My throat clogged up again. My eyes began to prickle… yes, I was about to ‘go off on one’. I had no conception of whether my panic was real or whether I am actually the best actress there has ever been. By the time I reached my barrier, I was hyper-ventilating and my knees were bending like Clive Dunn’s in Dad’s Army.

‘Here’s my p… passport but I can’t… ’ I gasped to the raised eyebrows of the official…’ I need to… can I sit…?’ I whispered throwing myself on to a Sikh official standing nearby… ‘I am… It’s my mask… it’s… I can’t catch my br…’

Bless his heart, he ushered me straight through, Locator Form notwithstanding – and indeed, by now, I wasn’t standing, just bobbing and weaving like a plastic duck in an amusement arcade.

A stool was fetched.
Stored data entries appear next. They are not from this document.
(* Let $q$ be an odd prime power and let $f:\mathbb{F}_q\to\mathbb{F}_q$, $f(x)=x^2$, viewed as a function on the additive group of the finite field $\mathbb{F}_q$. Then $\mathrm{pres}(f)\le \lceil 2\sqrt{q-1}\rceil-1$.
   Context: For a function $g:\mathbb{F}_q\to\mathbb{F}_q$, $V(g)=\#\{g(x):x\in\mathbb{F}_q\}$. The permutation resemblance of $f$ is $\mathrm{pres}(f)=\min\{V(g): g:\mathbb{F}_q\to\mathbb{F}_q,\ x\mapsto g(x)+f(x) \text{ is a bijection of } \mathbb{F}_q\}$. *)

theory Defs
  imports "HOL-Analysis.Analysis"
begin

definition V :: "('a::finite \<Rightarrow> 'a) \<Rightarrow> nat" where
  "V g = card (range g)"

definition pres :: "('a::{finite, ab_group_add} \<Rightarrow> 'a) \<Rightarrow> nat" where
  "pres f = (LEAST n. \<exists>g :: 'a \<Rightarrow> 'a. bij (\<lambda>x. g x + f x) \<and> V g = n)"

end

(*
  Split the field into 0, a set R containing one element of each pair {x, -x} with x \<noteq> 0,
  and -R. Squaring is injective on R and on its complement; it maps the complement onto the
  set S of squares and R onto S - {0}. Put g = 0 off R and g x = h (x^2) on R, where
  y \<mapsto> y + h y maps S - {0} bijectively onto the non-squares using few distinct shifts h y.

  Such an h is built greedily. If r elements of S - {0} are still unmatched, averaging over
  the nonzero shifts d shows that one of them sends at least r^2/(q-1) of these elements to
  unmatched non-squares. Hence the bound r k \<le> q - 1, true for k = 2 at the start, persists
  with k + 1 after each such round; after u - 2 rounds at most (q-1)/u elements remain, and
  these are matched with one shift each. With u = \<lceil>sqrt (q-1)\<rceil> this gives
  V g \<le> 1 + (u - 2) + (q-1)/u \<le> \<lceil>2 sqrt (q-1)\<rceil> - 1.
*)
theory Submission
  imports Defs
begin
Paramedics were mentioned and a smallish crowd gathered around to suck in my air.

The upshot was that I recovered, with a can of water and some Security TLC, and waddled off to Baggage Reclaim which resembled the scene of a crime in a Scorsese film and thence, because I couldn’t locate the Heathrow Express and frankly didn’t want to… to the desperate and endless queue for an £80 taxi.

I left my hotel in Malta, where they are one hour ahead, at 3.30pm and got home by midnight. I would go back tomorrow but only if I could go by pony and trap.

Otherwise it’s a no-brainer. I will never leave England again.